Menetapkan qishash dengan dua orang saksi
عَنْ رَافِعِ بْنِ خَدِيْجٍ قَالَ: اَصْبَحَ رَجُلٌ مِنَ اْلاَنْصَارِ بِخَيْبَرَ مَقْتُوْلاً، فَانْطَلَقَ اَوْلِيَاءُهُ اِلَى النَّبِيّ ص. فَذَكَرُوْا ذلِكَ لَهُ فَقَالَ: لَكُمْ شَاهِدَانِ يَشْهَدَانِ عَلَى قَتْلِ صَاحِبِكُمْ؟ فَقَالُوْا: يَا رَسُوْلَ اللهِ، لَمْ يَكُنْ ثَمَّ اَحَدٌ مِنَ اْلمُسْلِمِيْنَ، وَ اِنَّمَا هُمْ يَهُوْدُ، قَدْ يَجْتَرِئُوْنَ عَلَى اَعْظَمَ مِنْ هذَا، قَالَ: فَاخْتَارُوْا مِنْهُمْ خَمْسِيْنَ فَاسْتَحْلِفُوْهُمْ. فَوَدَاهُ النَّبِيُّ ص مِنْ عِنْدِهِ.
Dari Rafi’ bin Khadij, ia berkata : Ada seorang laki-laki dari Anshar terbunuh di Khaibar, maka para walinya pergi menghadap Nabi SAW lalu mereka menyampaikan hal itu kepada beliau.
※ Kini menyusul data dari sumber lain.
(* Let $m_1,m_2\in\mathbb{N}$ be relatively prime, let $\alpha\in\mathbb{R}$, and let $\boldsymbol{\varrho}=\boldsymbol{\varrho}^{(\boldsymbol{m})}_\alpha$ be the rhodonea curve defined below. For $t\in[0,2\pi)$ put $\mathcal{S}(t)=\{s\in[0,2\pi):\ \boldsymbol{\varrho}(s)=\boldsymbol{\varrho}(t)\}$, and let $t_l=\frac{l\pi}{2m_1m_2}$ for $l\in\{0,1,\dots,4m_1m_2-1\}$. If $m_1+m_2$ is odd, then the minimal period of $\boldsymbol{\varrho}$ is $2\pi$ and: (i) $\#\mathcal{S}(t)=2m_2$ if $t=t_l$ for some $l\in\{0,\dots,4m_1m_2-1\}$ with $l\equiv m_1 \pmod{2m_1}$; (ii) $\#\mathcal{S}(t)=2$ if $t=t_l$ for some $l\in\{0,\dots,4m_1m_2-1\}$ with $l\not\equiv 0\pmod{m_1}$; (iii) $\#\mathcal{S}(t)=1$ for all other $t\in[0,2\pi)$. If $m_1+m_2$ is even, then the minimal period of $\boldsymbol{\varrho}$ is $\pi$ and: (i)' $\#\mathcal{S}(t)=2m_2$ if $t=t_l$ for some $l\in\{0,\dots,4m_1m_2-1\}$ with $l\equiv m_1\pmod{2m_1}$; (ii)' $\#\mathcal{S}(t)=4$ if $t=t_{2l}$ for some $l\in\{0,\dots,2m_1m_2-1\}$ with $l\not\equiv 0\pmod{m_1}$; (iii)' $\#\mathcal{S}(t)=2$ for all other $t\in[0,2\pi)$.
   Context: For $\boldsymbol{m}=(m_1,m_2)\in\mathbb{N}^2$ and $\alpha\in\mathbb{R}$, the rhodonea curve is $\boldsymbol{\varrho}^{(\boldsymbol{m})}_\alpha:\mathbb{R}\to\mathbb{R}^2$, $\boldsymbol{\varrho}^{(\boldsymbol{m})}_\alpha(t)=\big(\cos(m_2t)\cos(m_1t-\alpha\pi),\ \cos(m_2t)\sin(m_1t-\alpha\pi)\big)$. It takes values in the closed unit disk $\mathbb{D}=\{x\in\mathbb{R}^2:|x|\le1\}$. *)

theory Defs
  imports "HOL-Analysis.Analysis"
begin

definition rhodonea :: "nat \<Rightarrow> nat \<Rightarrow> real \<Rightarrow> real \<Rightarrow> real \<times> real" where
  "rhodonea m1 m2 \<alpha> t =
     (cos (real m2 * t) * cos (real m1 * t - \<alpha> * pi),
      cos (real m2 * t) * sin (real m1 * t - \<alpha> * pi))"

definition minimal_period :: "(real \<Rightarrow> 'a) \<Rightarrow> real \<Rightarrow> bool" where
  "minimal_period f p \<longleftrightarrow> p > 0 \<and> (\<forall>t. f (t + p) = f t) \<and>
     (\<forall>q. 0 < q \<and> q < p \<longrightarrow> \<not> (\<forall>t. f (t + q) = f t))"

definition self_inter_set :: "(real \<Rightarrow> 'a) \<Rightarrow> real \<Rightarrow> real set" where
  "self_inter_set f t = {s \<in> {0..<2*pi}. f s = f t}"

definition tnode :: "nat \<Rightarrow> nat \<Rightarrow> nat \<Rightarrow> real" where
  "tnode m1 m2 l = real l * pi / (2 * real m1 * real m2)"

end

theory Submission
  imports Defs "HOL-Number_Theory.Cong"
begin

text \<open>
  Write \<open>\<rho>(t) = c(t) (cos \<theta>(t), sin \<theta>(t))\<close> with \<open>c(t) = cos (m\<^sub>2 t)\<close> and
  \<open>\<theta>(t) = m\<^sub>1 t - \<alpha>\<pi>\<close>.
  Away from the origin, \<open>\<rho>(s) = \<rho>(t)\<close> forces \<open>\<theta>(s) = \<theta>(t) + k\<pi>\<close> and \<open>c(s) = (-1)\<^sup>k c(t)\<close>,
  so \<open>S(t)\<close> is in bijection with the \<open>k < 2m\<^sub>1\<close> satisfying
  \<open>cos (m\<^sub>2 (t + k\<pi>/m\<^sub>1)) = (-1)\<^sup>k cos (m\<^sub>2 t)\<close>. By the sum-to-product formula this holds
  iff \<open>2m\<^sub>1\<close> divides \<open>k(m\<^sub>1 - m\<^sub>2)\<close> (a condition independent of \<open>t\<close>) or \<open>t = t\<^sub>l\<close> is a node
  with \<open>2m\<^sub>1\<close> dividing \<open>l + k(m\<^sub>1 + m\<^sub>2)\<close>. Both are linear congruences in \<open>k\<close>; coprimality of
  \<open>m\<^sub>1, m\<^sub>2\<close> makes their solutions easy to count, with the parity of \<open>m\<^sub>1 + m\<^sub>2\<close> deciding
  between one and two solutions of each kind. The origin is reached exactly at the \<open>2m\<^sub>2\<close>
  zeros of \<open>c\<close>. Finally, the minimal period is read off from \<open>#S(0)\<close>: a smaller period
  would put too many parameters into \<open>S(0)\<close>.
\<close>

lemma cos_add_mult_pi: "cos (x + real n * pi) = (-1)^n * cos x"
  by (simp add: cos_add)

lemma sin_add_mult_pi: "sin (x + real n * pi) = (-1)^n * sin x"
  by (simp add: sin_add)

lemma cos_nat_mult_diff_2pi: "cos (real m * (x - 2 * pi)) = cos (real m * x)"
proof -
  have "real m * x = real m * (x - 2 * pi) + real (2 * m) * pi"
    by (simp add: algebra_simps)
  then show ?thesis
    by (simp only: cos_add_mult_pi) simp
qed
lemma powers_in_span_of_algebraic:
  assumes E: "subfield E" and t: "algebraic_over E t"
  obtains T where "finite T" "\<And>k. in_span E T (t ^ k)"
    "\<And>y. in_span E T y \<Longrightarrow> in_span E T (t * y)"
proof -
  obtain P where P: "P \<noteq> 0" "coeffs_in E P" "poly P t = 0"
    using t unfolding algebraic_over_def by blast
  define d where "d = degree P"
  define T where "T = (\<lambda>m. t ^ m) ` {..<d}"
  define c where "c m = - coeff P m / lead_coeff P" for m
  have c: "c m \<in> E" for m
    using P(2) subfield_divide[OF E] subring_uminus[OF subfield_subring[OF E]]
    by (simp add: c_def coeffs_in_def)
  have top: "t ^ d = (\<Sum>m<d. c m * t ^ m)"
    unfolding c_def d_def by (rule root_top_power[OF P(1,3)])
  have pow: "in_span E T (t ^ k)" for k
  proof (induction k rule: less_induct)
    case (less k)
    show ?case
    proof (cases "k < d")
      case True
      then show ?thesis using in_span_elem[OF E] by (simp add: T_def)
    next
      case False
      have "t ^ k = t ^ (k - d) * t ^ d" using False by (simp flip: power_add)
      also have "\<dots> = (\<Sum>m<d. c m * t ^ (m + (k - d)))"
        by (simp add: top sum_distrib_left power_add mult_ac)
      also have "in_span E T \<dots>"
        using False less.IH c by (intro in_span_sum[OF E] in_span_smult[OF E]) auto
      finally show ?thesis .
    qed
  qed
  have "in_span E T (t * y)" if y: "in_span E T y" for y
  proof -
    obtain e where e: "\<forall>b\<in>T. e b \<in> E" "y = (\<Sum>b\<in>T. e b * b)"
      using y unfolding in_span_def by blast
    have "t * y = (\<Sum>b\<in>T. e b * (t * b))" by (simp add: e(2) sum_distrib_left mult_ac)
    moreover have "in_span E T (t * b)" if "b \<in> T" for b
      using that pow[of "Suc _"] by (auto simp: T_def)
    ultimately show ?thesis
      using e(1) by (simp add: in_span_sum[OF E] in_span_smult[OF E])
  qed
  with pow show thesis using that[of T] by (simp add: T_def)
qed
lemma phase_covariant_schwarz_defect:
  "phase_covariant \<alpha> \<beta> \<kappa> (adj (mat2 a b c d) ** mat2 a b c d)
     - adj (phase_covariant \<alpha> \<beta> \<kappa> (mat2 a b c d)) ** phase_covariant \<alpha> \<beta> \<kappa> (mat2 a b c d)
   = mat2 (of_real (\<alpha> * (1 - \<alpha>) * (cmod (a - d))\<^sup>2 + (1 - \<alpha> - (cmod \<kappa>)\<^sup>2) * (cmod c)\<^sup>2 + \<alpha> * (cmod b)\<^sup>2))
          (\<kappa> * (of_real \<alpha> * cnj (a - d) * b - of_real \<beta> * cnj c * (a - d)))
          (cnj (\<kappa> * (of_real \<alpha> * cnj (a - d) * b - of_real \<beta> * cnj c * (a - d))))
          (of_real (\<beta> * (1 - \<beta>) * (cmod (a - d))\<^sup>2 + (1 - \<beta> - (cmod \<kappa>)\<^sup>2) * (cmod b)\<^sup>2 + \<beta> * (cmod c)\<^sup>2))"
  unfolding phase_covariant_mat2 mat2_simps mat2_eq_iff
  by (simp add: algebra_simps flip: cnj_mult_self del: of_real_power)

lemma cross_term_le:
  fixes P R k x y :: real
  assumes "0 \<le> P" "0 \<le> R" "0 \<le> k" "k\<^sup>2 \<le> P * R" "0 \<le> x" "0 \<le> y"
  shows "2 * k * x * y \<le> P * x\<^sup>2 + R * y\<^sup>2"
proof -
  have "k * (x * y) \<le> (sqrt P * sqrt R) * (x * y)"
    using assms by (intro mult_right_mono) (auto simp: real_le_rsqrt simp flip: real_sqrt_mult)
  moreover have "0 \<le> (sqrt P * x - sqrt R * y)\<^sup>2"
    by simp
  then have "2 * (sqrt P * sqrt R) * x * y \<le> P * x\<^sup>2 + R * y\<^sup>2"
    using assms by (simp add: power2_eq_square algebra_simps)
  ultimately show ?thesis
    by (simp add: mult_ac)
qed

lemma psd_hermitian_mat2:
  assumes P: "0 \<le> P" and R: "0 \<le> R" and Q: "(cmod Q)\<^sup>2 \<le> P * R"
  shows "psd (mat2 (of_real P) Q (cnj Q) (of_real R))"
  unfolding psd_def Let_def
proof
  fix v :: "complex^2"
  let ?q = "\<Sum>i\<in>UNIV. cnj (v$i) * (mat2 (of_real P) Q (cnj Q) (of_real R) *v v) $ i"
  define w where "w = cnj (v$0) * Q * v$1"
  have "?q = of_real P * (cnj (v$0) * v$0) + of_real R * (cnj (v$1) * v$1) + (w + cnj w)"
    by (simp add: sum_UNIV_2 matrix_vector_mult_def mat2_nth w_def algebra_simps)
  also have "\<dots> = of_real (P * (cmod (v$0))\<^sup>2 + R * (cmod (v$1))\<^sup>2 + 2 * Re w)"
    by (simp add: cnj_mult_self complex_add_cnj)
  finally have q: "?q = of_real (P * (cmod (v$0))\<^sup>2 + R * (cmod (v$1))\<^sup>2 + 2 * Re w)" .
  have "- 2 * Re w \<le> 2 * cmod w"
    using abs_Re_le_cmod[of w] by linarith
  also have "\<dots> = 2 * cmod Q * cmod (v$0) * cmod (v$1)"
    by (simp add: w_def norm_mult)
  also have "\<dots> \<le> P * (cmod (v$0))\<^sup>2 + R * (cmod (v$1))\<^sup>2"
    using P R Q by (intro cross_term_le) auto
  finally show "Im ?q = 0 \<and> 0 \<le> Re ?q"
    unfolding q by simp
qed

lemma psd_diagonal_nonneg:
  assumes "psd M"
  shows "0 \<le> Re (M$0$0)" "0 \<le> Re (M$1$1)"
proof -
  have "(\<Sum>i\<in>UNIV. cnj (axis j 1 $ i) * (M *v axis j 1) $ i) = M$j$j" for j
    using exhaust_2_zero_one[of j] by (auto simp: sum_UNIV_2 matrix_vector_mult_def axis_def)
  then show "0 \<le> Re (M$0$0)" "0 \<le> Re (M$1$1)"
    using assms unfolding psd_def Let_def by metis+
qed

lemma schwarz_defect_det_bound:
  fixes a b l B C Z :: real
  assumes "0 \<le> b" "b \<le> a" "0 \<le> l" "l \<le> 1 - a"
  shows "l * (a * B * Z + b * C * Z)\<^sup>2
           \<le> (a * (1 - a) * Z\<^sup>2 + (1 - a - l) * C\<^sup>2 + a * B\<^sup>2) * (b * (1 - b) * Z\<^sup>2 + (1 - b - l) * B\<^sup>2 + b * C\<^sup>2)"
proof -
  define d where "d = 1 - a - l"
  have "0 \<le> d" "0 \<le> 1 - a" "0 \<le> a" "0 \<le> a - b" "0 \<le> 1 - b"
    using assms by (auto simp: d_def)
  then have "0 \<le> a * b * ((1 - a) * Z\<^sup>2 - B * C)\<^sup>2
      + (a - b) * (a * b * (1 - a) * Z ^ 4 + a * b * Z\<^sup>2 * B\<^sup>2 + (1 - a) * b * Z\<^sup>2 * C\<^sup>2 + a * B ^ 4)
      + d * (a * ((1 - a) * Z\<^sup>2 + B\<^sup>2) * B\<^sup>2 + (b * (1 - b) * Z\<^sup>2 + (a - b) * B\<^sup>2 + b * C\<^sup>2) * C\<^sup>2)
      + d * d * B\<^sup>2 * C\<^sup>2 + d * (a * B + b * C)\<^sup>2 * Z\<^sup>2"
    using assms by (intro add_nonneg_nonneg mult_nonneg_nonneg) (auto simp: zero_le_even_power)
  also have "\<dots> = (a * (1 - a) * Z\<^sup>2 + (1 - a - l) * C\<^sup>2 + a * B\<^sup>2) * (b * (1 - b) * Z\<^sup>2 + (1 - b - l) * B\<^sup>2 + b * C\<^sup>2)
      - l * (a * B * Z + b * C * Z)\<^sup>2"
    unfolding d_def by algebra
  finally show ?thesis
    by simp
qed
(* Let $\mathcal{X}=\{1,\dots,n\}$, let $\pi$ be a strictly positive probability distribution on $\mathcal{X}$, let $P$ be a $\pi$-reversible transition matrix, let $G$ be the Gibbs kernel induced by some partition of $\mathcal{X}$, and let $A_\alpha=\alpha P+(1-\alpha)G$. Then for every integer $l\geq2$ and every $\alpha\in(0,1)$, $$\|A_\alpha^l-\Pi\|_{F,\pi}^2\leq(n-1)(1-\alpha\gamma^*(P))^{2l}.$$
   Context: $\pi$-reversible means $\pi(x)P(x,y)=\pi(y)P(y,x)$. Gibbs kernel of a partition $\bigsqcup_i\mathcal{O}_i$: $G(x,y)=\pi(y)/\pi(\mathcal{O}(x))$ if $y\in\mathcal{O}(x)$ and $0$ otherwise. $\Pi$ is the matrix with every row equal to $\pi$; $\|M\|_{F,\pi}^2=\operatorname{Tr}(M^*M)$ with $M^*(x,y)=\pi(y)M(y,x)/\pi(x)$. For $\pi$-reversible $P$ with eigenvalues $\lambda_1\ge\dots\ge\lambda_n$, $\gamma^*(P)=1-\max\{|\lambda_2(P)|,|\lambda_n(P)|\}$. *)

theory Defs
  imports "Jordan_Normal_Form.Jordan_Normal_Form" "HOL-Library.Disjoint_Sets"
begin

text \<open>State space X = {0..<n} (0-based rendering of {1..n}); matrices are n x n real matrices.\<close>

definition prob_dist :: "nat \<Rightarrow> (nat \<Rightarrow> real) \<Rightarrow> bool" where
  "prob_dist n \<pi> \<longleftrightarrow> (\<forall>x<n. \<pi> x > 0) \<and> (\<Sum>x<n. \<pi> x) = 1"

definition transition_matrix :: "nat \<Rightarrow> real mat \<Rightarrow> bool" where
  "transition_matrix n P \<longleftrightarrow> P \<in> carrier_mat n n \<and>
     (\<forall>x<n. \<forall>y<n. P $$ (x,y) \<ge> 0) \<and> (\<forall>x<n. (\<Sum>y<n. P $$ (x,y)) = 1)"

definition reversible :: "nat \<Rightarrow> (nat \<Rightarrow> real) \<Rightarrow> real mat \<Rightarrow> bool" where
  "reversible n \<pi> P \<longleftrightarrow> (\<forall>x<n. \<forall>y<n. \<pi> x * P $$ (x,y) = \<pi> y * P $$ (y,x))"

definition block_of :: "nat set set \<Rightarrow> nat \<Rightarrow> nat set" where
  "block_of Os x = (THE B. B \<in> Os \<and> x \<in> B)"

definition gibbs_kernel :: "nat \<Rightarrow> (nat \<Rightarrow> real) \<Rightarrow> nat set set \<Rightarrow> real mat" where
  "gibbs_kernel n \<pi> Os = mat n n (\<lambda>(x,y).
     if y \<in> block_of Os x then \<pi> y / (\<Sum>z\<in>block_of Os x. \<pi> z) else 0)"

definition Pi_mat :: "nat \<Rightarrow> (nat \<Rightarrow> real) \<Rightarrow> real mat" where
  "Pi_mat n \<pi> = mat n n (\<lambda>(x,y). \<pi> y)"

definition pi_adjoint :: "nat \<Rightarrow> (nat \<Rightarrow> real) \<Rightarrow> real mat \<Rightarrow> real mat" where
  "pi_adjoint n \<pi> M = mat n n (\<lambda>(x,y). \<pi> y * M $$ (y,x) / \<pi> x)"

definition frob_sq :: "nat \<Rightarrow> (nat \<Rightarrow> real) \<Rightarrow> real mat \<Rightarrow> real" where
  "frob_sq n \<pi> M = (\<Sum>x<n. (pi_adjoint n \<pi> M * M) $$ (x,x))"

text \<open>Eigenvalues with multiplicity, in non-increasing order
  (lambda_1 = eig_list P ! 0, ..., lambda_n = eig_list P ! (n-1)).\<close>
definition eig_list :: "real mat \<Rightarrow> real list" where
  "eig_list P = (THE ls. sorted (rev ls) \<and>
      char_poly P = prod_list (map (\<lambda>a. [:- a, 1:]) ls))"

definition abs_spectral_gap :: "nat \<Rightarrow> real mat \<Rightarrow> real" where
  "abs_spectral_gap n P = 1 - max \<bar>eig_list P ! 1\<bar> \<bar>eig_list P ! (n - 1)\<bar>"

end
Lalu Nabi SAW bersabda, “Apakah mamu bisa membawa dua orang saksi yang menyaksikan terbunuhnya saudaramu itu ?”. Mereka menjawab, “Ya Rasulullah, disana tidak ada seorang pun dari kaum muslimin, mereka adalah orang-orang Yahudi yang kadang-kadang mereka berani (berbuat) yang lebih besar dari ini”. Nabi SAW bersabda, “Pilihlah lima puluh orang diantara mereka lalu sumpahlah mereka itu”. Kemudian Nabi SAW membayar dendanya dari diri beliau sendiri”. [HR. Abu Dawud]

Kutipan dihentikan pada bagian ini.